Agriculture Project Updates

The largest ag project  at Clermont in 2023-24 is the replacement of the large, two-story bank barn which burned in 2018. 

 Along with the spaces for animal management, birthing and care on the ground floor and hay storage on the second, we lost all the farm's major equipment, space for archaeological and architectural artifact storage, and our largest educational space.  While we lost a spectacular example of an early-20th century bank barn, we hope to gain two modern one-story barns which, though smaller combined than the former barn, will be more suited to today's labor force and today's technology. As an historical agricultural site, the new animal barn will also have exhibits telling the story of agriculture in the Shenandoah Valley in the 19th and 20th centuries, based on the differences between the 1917 barn (and its corn crib of 1849) and the new replacement barns.

A secondary project was the work to renew with the USDA our original 15-year contract for best management practices ("bmp's") to improve stream water quality and our farm animals. 

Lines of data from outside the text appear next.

lemma clique_preimage:
  assumes "clique G S" "S \<subseteq> h1 ` fst G1"
  shows "clique G1 (fst G1 \<inter> h1 -` S)"
  unfolding clique_def
proof (intro conjI ballI impI)
  fix u v assume u: "u \<in> fst G1 \<inter> h1 -` S" and v: "v \<in> fst G1 \<inter> h1 -` S" and "u \<noteq> v"
  then have "h1 u \<noteq> h1 v" using inj1 by (auto dest: inj_onD)
  then have "{h1 u, h1 v} \<in> snd G" using assms(1) u v by (simp add: clique_def)
  then show "{u, v} \<in> snd G1"
  proof (rule edge_cases)
    assume "{h1 u, h1 v} \<in> image h1 ` snd G1"
    then obtain e where "e \<in> snd G1" "h1 ` {u, v} = h1 ` e" by auto
    moreover have "e \<subseteq> fst G1" using \<open>e \<in> snd G1\<close> graph1 by (simp add: graph_def)
    ultimately show ?thesis using u v inj1 by (metis IntD1 empty_subsetI inj_on_image_eq_iff insert_subset)
  next
    assume "h1 u \<in> h2 ` fst G2" "h1 v \<in> h2 ` fst G2"
    then have "h1 u \<in> h1 ` W1" "h1 v \<in> h1 ` W1" using u v overlap by blast+
    then have "u \<in> W1" "v \<in> W1" using u v inj_on_image_mem_iff[OF inj1 _ W1_subset] by auto
    then show ?thesis using clique1 \<open>u \<noteq> v\<close> by (simp add: clique_def)
  qed
qed auto

lemma cliques_subset_images:
  "{S. clique G S} \<subseteq> image h1 ` {T. clique G1 T} \<union> image h2 ` ({T. clique G2 T} - Pow W2)"
proof
  interpret swapped: ksum_decomposition k G2 G1 G W2 W1 E2 E1 h2 h1 by (rule swap)
  fix S assume "S \<in> {S. clique G S}"
  then have S: "clique G S" by simp
  show "S \<in> image h1 ` {T. clique G1 T} \<union> image h2 ` ({T. clique G2 T} - Pow W2)"
  proof (cases "S \<subseteq> h1 ` fst G1")
    case True
    then have "S = h1 ` (fst G1 \<inter> h1 -` S)" by auto
    with clique_preimage[OF S True] show ?thesis by blast
  next
    case False
    then have S2: "S \<subseteq> h2 ` fst G2" using clique_within_side[OF S] by blast
    let ?T = "fst G2 \<inter> h2 -` S"
    have "S = h2 ` ?T" using S2 by auto
    moreover have "\<not> ?T \<subseteq> W2"
    proof
      assume "?T \<subseteq> W2"
      then have "S \<subseteq> h1 ` W1" using \<open>S = h2 ` ?T\<close> glue by blast
      then show False using False W1_subset by blast
    qed
    ultimately show ?thesis using swapped.clique_preimage[OF S S2] by blast
  qed
qed

lemma num_cliques_add_pow_le: "num_cliques G + 2 ^ k \<le> num_cliques G1 + num_cliques G2"
proof -
  let ?C1 = "{T. clique G1 T}" and ?C2 = "{T. clique G2 T}"
  have fin1: "finite ?C1" and fin2: "finite ?C2"
    using graph1 graph2 by (simp_all add: finite_cliques graph_def)
  have "finite W2" using clique2 graph2 finite_subset by (auto simp: clique_def graph_def)
  then have card_Pow_W2: "card (Pow W2) = 2 ^ k" using card2 by (simp add: card_Pow)
  have Pow_W2: "Pow W2 \<subseteq> ?C2" using clique2 by (auto simp: clique_def)
  have "num_cliques G \<le> card (image h1 ` ?C1 \<union> image h2 ` (?C2 - Pow W2))"
    unfolding num_cliques_def using cliques_subset_images fin1 fin2 by (intro card_mono) auto
  also have "\<dots> \<le> card (image h1 ` ?C1) + card (image h2 ` (?C2 - Pow W2))"
    by (rule card_Un_le)
  also have "\<dots> \<le> card ?C1 + card (?C2 - Pow W2)"
    by (intro add_mono card_image_le) (use fin1 fin2 in auto)
  also have "card (?C2 - Pow W2) = card ?C2 - 2 ^ k"
    using card_Diff_subset[OF _ Pow_W2] \<open>finite W2\<close> card_Pow_W2 by simp
  finally show ?thesis
    using card_mono[OF fin2 Pow_W2] card_Pow_W2 unfolding num_cliques_def by linarith
qed

end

This involved renewing the "riparian buffer" or CREP (Conservation Reserve) along Dog Run (a tributary of the Shenandoah River), which crosses the entire farm for a distance of about one mile.  This is a fenced enclosure at least 50 feet off each side  of the creek with designated crossings. Renewal required the removal of extensive invasives (Tree of Heaven, Bradford Pears, Japanese Honeysuckle, Autumn Olive, etc.) and the planting of hundreds of native tree species that like water. 

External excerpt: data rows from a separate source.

lemma sum_power2_le_if_dominated:
  fixes f :: "'a \<Rightarrow> real"
  assumes "finite B" "card A \<le> card B" "0 \<le> c"
    and dom: "\<And>a b. a \<in> A \<Longrightarrow> b \<in> B \<Longrightarrow> \<bar>f a\<bar> \<le> c * \<bar>f b\<bar>"
  shows "(\<Sum>a\<in>A. (f a)\<^sup>2) \<le> c\<^sup>2 * (\<Sum>b\<in>B. (f b)\<^sup>2)"
proof (cases "finite A \<and> B \<noteq> {}")
  case False
  then have "(\<Sum>a\<in>A. (f a)\<^sup>2) = 0"
    using assms(1,2) by (cases "finite A") auto
  then show ?thesis
    by (simp add: sum_nonneg)
next
  case True
  define b0 where "b0 = arg_min_on (\<lambda>b. \<bar>f b\<bar>) B"
  have b0: "b0 \<in> B" "\<And>b. b \<in> B \<Longrightarrow> \<bar>f b0\<bar> \<le> \<bar>f b\<bar>"
    using arg_min_if_finite[OF assms(1), of "\<lambda>b. \<bar>f b\<bar>"] True unfolding b0_def
    by (auto simp: not_less)
  have "(\<Sum>a\<in>A. (f a)\<^sup>2) \<le> card A * (c * \<bar>f b0\<bar>)\<^sup>2"
    using dom[OF _ b0(1)] assms(3)
    by (intro sum_bounded_above) (auto simp: abs_le_square_iff[symmetric])
  also have "\<dots> \<le> card B * (c\<^sup>2 * (f b0)\<^sup>2)"
    using assms(2) by (simp add: power_mult_distrib mult_right_mono)
  also have "\<dots> \<le> c\<^sup>2 * (\<Sum>b\<in>B. (f b)\<^sup>2)"
    using sum_bounded_below[of B "c\<^sup>2 * (f b0)\<^sup>2" "\<lambda>b. c\<^sup>2 * (f b)\<^sup>2"] b0(2)
    by (simp add: sum_distrib_left mult_left_mono abs_le_square_iff)
  finally show ?thesis .
qed

lemma card_Un_le_double_if_mostly_in:
  assumes "finite S" "finite I" "card (I - S) \<le> card (I \<inter> S)"
  shows "card (S \<union> I) \<le> 2 * card S"
proof -
  have "card (S \<union> I) = card S + card (I - S)"
    using assms(1,2) card_Un_disjoint[of S "I - S"] by (simp add: Un_Diff_cancel)
  moreover have "card (I \<inter> S) \<le> card S"
    using assms(1) by (simp add: card_mono)
  ultimately show ?thesis
    using assms(3) by linarith
qed

lemma linear_coeff_eq_0_if_quadratic_bound:
  fixes p A :: real
  assumes "\<And>t. 2 * t * p \<le> t\<^sup>2 * A"
  shows "p = 0"
proof (rule ccontr)
  assume "p \<noteq> 0"
  have "A \<ge> 0"
    using assms[of 1] assms[of "-1"] by simp
  define t where "t = p / (A + 1)"
  have "A + 1 > 0"
    using \<open>A \<ge> 0\<close> by simp
  then have "p = t * (A + 1)" and "t \<noteq> 0"
    using \<open>p \<noteq> 0\<close> by (simp_all add: t_def)
  then have "2 * t * p = 2 * (A + 1) * t\<^sup>2"
    by (simp add: power2_eq_square)
  moreover have "t\<^sup>2 > 0"
    using \<open>t \<noteq> 0\<close> by simp
  moreover have "(A + 2) * t\<^sup>2 = 2 * (A + 1) * t\<^sup>2 - t\<^sup>2 * A"
    by (simp add: algebra_simps)
  ultimately show False
    using assms[of t] \<open>A \<ge> 0\<close> by (smt (verit) mult_pos_pos)
qed

lemma lsq_residual_orthogonal:
  fixes Phi :: "real^'d^'N"
  assumes "lsq_residual Phi x I r"
  obtains y where "supp y \<subseteq> I" "r = x - Phi *v y"
    "\<And>z. supp z \<subseteq> I \<Longrightarrow> r \<bullet> (Phi *v z) = 0"
proof -
  obtain y where y: "supp y \<subseteq> I" "r = x - Phi *v y"
    and min: "\<And>z. supp z \<subseteq> I \<Longrightarrow> norm (x - Phi *v y) \<le> norm (x - Phi *v z)"
    using assms unfolding lsq_residual_def by blast
  have "r \<bullet> (Phi *v z) = 0" if z: "supp z \<subseteq> I" for z
  proof (rule linear_coeff_eq_0_if_quadratic_bound)
    fix t :: real
    have "supp (y + t *\<^sub>R z) \<subseteq> I"
      using supp_add[of y "t *\<^sub>R z"] supp_scaleR[of t z] y z by blast
    moreover have "x - Phi *v (y + t *\<^sub>R z) = r - t *\<^sub>R (Phi *v z)"
      by (simp add: y(2) algebra_simps)
    ultimately have "(norm r)\<^sup>2 \<le> (norm (r - t *\<^sub>R (Phi *v z)))\<^sup>2"
      using min y(2) by (metis norm_ge_zero power_mono)
    then show "2 * t * (r \<bullet> (Phi *v z)) \<le> t\<^sup>2 * ((Phi *v z) \<bullet> (Phi *v z))"
      unfolding power2_norm_eq_inner
      by (simp add: inner_commute power2_eq_square algebra_simps)
  qed
  with y that show ?thesis by blast
qed

lemma lsq_residual_adjoint_vanishes:
  fixes Phi :: "real^'d^'N"
  assumes "lsq_residual Phi x I r" "i \<in> I"
  shows "(transpose Phi *v r) $ i = 0"
proof -
  have "supp (axis i 1) \<subseteq> I"
    using assms(2) by (auto simp: supp_def axis_def)
  then have "r \<bullet> (Phi *v axis i 1) = 0"
    using lsq_residual_orthogonal[OF assms(1)] by metis
  then show ?thesis
    by (metis cart_eq_inner_axis inner_transpose_mult)
qed

lemma RIC_norm_sq_bounds:
  fixes Phi :: "real^'d^'N"
  assumes "RIC Phi m e" "e \<le> 1" "sparse m w"
  shows "(1 - e)\<^sup>2 * (norm w)\<^sup>2 \<le> (norm (Phi *v w))\<^sup>2"
    and "(norm (Phi *v w))\<^sup>2 \<le> (1 + e)\<^sup>2 * (norm w)\<^sup>2"
proof -
  have "(1 - e) * norm w \<le> norm (Phi *v w)" "norm (Phi *v w) \<le> (1 + e) * norm w"
    using assms(1,3) unfolding RIC_def by auto
  then show "(1 - e)\<^sup>2 * (norm w)\<^sup>2 \<le> (norm (Phi *v w))\<^sup>2"
    and "(norm (Phi *v w))\<^sup>2 \<le> (1 + e)\<^sup>2 * (norm w)\<^sup>2"
    using assms(2) by (simp_all add: power_mult_distrib[symmetric] power_mono)
qed

lemma RIC_inner_le_if_supp_disjoint:
  fixes Phi :: "real^'d^'N"
  assumes "RIC Phi m e" "e \<le> 1" "supp x \<inter> supp z = {}" "card (supp x \<union> supp z) \<le> m"
  shows "(Phi *v x) \<bullet> (Phi *v z) \<le> 2 * e * norm x * norm z"
proof -
  \<comment> \<open>polarization for the orthogonal vectors a and b, which have equal norms\<close>
  define a where "a = norm z *\<^sub>R x"
  define b where "b = norm x *\<^sub>R z"
  define c where "c = norm x * norm z"
  have sparse: "sparse m (a + b)" "sparse m (a - b)"
    using supp_add[of a b] supp_diff[of a b] supp_scaleR[of _ x] supp_scaleR[of _ z] assms(4)
    unfolding a_def b_def by (meson Un_mono order_trans sparse_if_supp_subset)+
  have "a \<bullet> b = 0"
    using inner_eq_0_if_supp_disjoint[OF assms(3)] by (simp add: a_def b_def)
  moreover have "(norm a)\<^sup>2 = c\<^sup>2" "(norm b)\<^sup>2 = c\<^sup>2"
    by (simp_all add: a_def b_def c_def power_mult_distrib mult.commute)
  ultimately have sq: "(norm (a + b))\<^sup>2 = 2 * c\<^sup>2" "(norm (a - b))\<^sup>2 = 2 * c\<^sup>2"
    using dot_norm[of a b] dot_norm_neg[of a b] by simp_all
  have "4 * ((Phi *v a) \<bullet> (Phi *v b)) = (norm (Phi *v (a + b)))\<^sup>2 - (norm (Phi *v (a - b)))\<^sup>2"
    using dot_norm[of "Phi *v a" "Phi *v b"] dot_norm_neg[of "Phi *v a" "Phi *v b"]
    by (simp add: matrix_vector_right_distrib matrix_vector_mult_diff_distrib)
  also have "\<dots> \<le> (1 + e)\<^sup>2 * (2 * c\<^sup>2) - (1 - e)\<^sup>2 * (2 * c\<^sup>2)"
    using RIC_norm_sq_bounds[OF assms(1,2) sparse(1)] RIC_norm_sq_bounds[OF assms(1,2) sparse(2)]
    unfolding sq by linarith
  also have "\<dots> = 4 * c * (2 * e * c)"
    by (simp add: power2_eq_square algebra_simps)
  finally have "c * ((Phi *v x) \<bullet> (Phi *v z)) \<le> c * (2 * e * c)"
    by (simp add: a_def b_def c_def matrix_vector_mult_scaleR algebra_simps)
  then show ?thesis
    by (cases "c = 0") (auto simp: c_def mult_le_cancel_left_pos)
qed

lemma RIC_inner_le_if_supp_disjoint_2n:
  fixes Phi :: "real^'d^'N"
  assumes "RIC Phi (2 * n) e" "0 \<le> e" "e \<le> 1" "supp w \<inter> supp z = {}"
    and "card (supp w) \<le> 2 * n" "card (supp z) \<le> n"
  shows "(Phi *v w) \<bullet> (Phi *v z) \<le> 4 * e * norm w * norm z"
proof -
  obtain W where W: "W \<subseteq> supp w" "card W \<le> n" "card (supp w - W) \<le> n"
  proof (cases "card (supp w) \<le> n")
    case True
    then show ?thesis
      using that[of "supp w"] by simp
  next
    case False
    then obtain W where "W \<subseteq> supp w" "card W = n"
      using obtain_subset_with_card_n[of n "supp w"] by auto
    then show ?thesis
      using that[of W] assms(5) by (simp add: card_Diff_subset)
  qed
  have bound: "(Phi *v restr w A) \<bullet> (Phi *v z) \<le> 2 * e * norm w * norm z"
    if "A \<subseteq> supp w" "card A \<le> n" for A
  proof -
    have "card (supp (restr w A) \<union> supp z) \<le> card (A \<union> supp z)"
      using supp_restr[of w A] by (intro card_mono) auto
    also have "\<dots> \<le> 2 * n"
      using card_Un_le[of A "supp z"] that(2) assms(6) by linarith
    finally have "card (supp (restr w A) \<union> supp z) \<le> 2 * n" .
    moreover have "supp (restr w A) \<inter> supp z = {}"
      using supp_restr[of w A] that(1) assms(4) by blast
    ultimately have "(Phi *v restr w A) \<bullet> (Phi *v z) \<le> 2 * e * norm (restr w A) * norm z"
      using RIC_inner_le_if_supp_disjoint[OF assms(1,3)] by blast
    also have "\<dots> \<le> 2 * e * norm w * norm z"
      using assms(2) norm_restr_le by (intro mult_right_mono mult_left_mono) auto
    finally show ?thesis .
  qed
  have "w = restr w W + restr w (supp w - W)"
    using W(1) by (auto simp: vec_eq_iff supp_def)
  then have "(Phi *v w) \<bullet> (Phi *v z)
      = (Phi *v restr w W) \<bullet> (Phi *v z) + (Phi *v restr w (supp w - W)) \<bullet> (Phi *v z)"
    by (metis inner_add_left matrix_vector_right_distrib)
  also have "\<dots> \<le> 4 * e * norm w * norm z"
    using bound[OF W(1,2)] bound[OF _ W(3)] by simp
  finally show ?thesis .
qed

lemma romp_identify_dominates:
  assumes "romp_identify n u J" "card T \<le> n"
  shows "(\<Sum>i\<in>T. (u $ i)\<^sup>2) \<le> (\<Sum>i\<in>J. (u $ i)\<^sup>2)"
proof -
  have J: "J \<subseteq> supp u" "card J = min n (card (supp u))"
    and top: "\<And>i j. i \<in> J \<Longrightarrow> j \<notin> J \<Longrightarrow> \<bar>u $ j\<bar> \<le> \<bar>u $ i\<bar>"
    using assms(1) unfolding romp_identify_def by auto
  show ?thesis
  proof (cases "J = supp u")
    case True
    have "(\<Sum>i\<in>T. (u $ i)\<^sup>2) = (\<Sum>i\<in>T \<inter> supp u. (u $ i)\<^sup>2)"
      by (rule sum.mono_neutral_right) (auto simp: supp_def)
    also have "\<dots> \<le> (\<Sum>i\<in>J. (u $ i)\<^sup>2)"
      using True by (intro sum_mono2) auto
    finally show ?thesis .
  next
    case False
    then have "card J < card (supp u)"
      using J(1) by (simp add: psubset_card_mono)
    then have "card J = n"
      using J(2) by linarith
    moreover have "card T = card (T \<inter> J) + card (T - J)"
      "card J = card (T \<inter> J) + card (J - T)"
      using card_Int_Diff[of T J] card_Int_Diff[of J T] by (simp_all add: Int_commute)
    ultimately have "card (T - J) \<le> card (J - T)"
      using assms(2) by linarith
    then have "(\<Sum>i\<in>T - J. (u $ i)\<^sup>2) \<le> 1\<^sup>2 * (\<Sum>i\<in>J - T. (u $ i)\<^sup>2)"
      using top by (intro sum_power2_le_if_dominated) auto
    moreover have
      "(\<Sum>i\<in>T. (u $ i)\<^sup>2) = (\<Sum>i\<in>T \<inter> J. (u $ i)\<^sup>2) + (\<Sum>i\<in>T - J. (u $ i)\<^sup>2)"
      "(\<Sum>i\<in>J. (u $ i)\<^sup>2) = (\<Sum>i\<in>T \<inter> J. (u $ i)\<^sup>2) + (\<Sum>i\<in>J - T. (u $ i)\<^sup>2)"
      using sum.Int_Diff[of T _ J] sum.Int_Diff[of J _ T] by (simp_all add: Int_commute)
    ultimately show ?thesis
      by simp
  qed
qed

This provides a natural filter strip to catch run-off from the fields. It keeps farm animals out of the stream to prevent break down of the banks, stirred-up sediment in the water (killing off water flora and fauna), and manure pollution.   It also actively improves wildlife habitat.  We see American Mink along the stream, and the majority of the many species of birds at Clermont in the annual Christmas Bird Count are found along the stream.  Dog Run is officially an "impaired stream", but Clermont is trying to do its part not just for the Chesapeake and the Shenandoah, but also for our local stream, the benefit of our farm animals, and of the overall ecosystem of the farm, including our large teaching colony of bees. For similar purposes, we also enclosed a wetland rising from a small spring near the farm's entrance.  The Piedmont Environmental Council, the Shenandoah Valley Alliance, the USDA-Natural Resources and Conservation Service, and the Virginia Dept. of Forestry were major partners in this project. Our Fall Native Plant Sale (Sunday, October 8, 2023, see EVENTS) will highlight this project.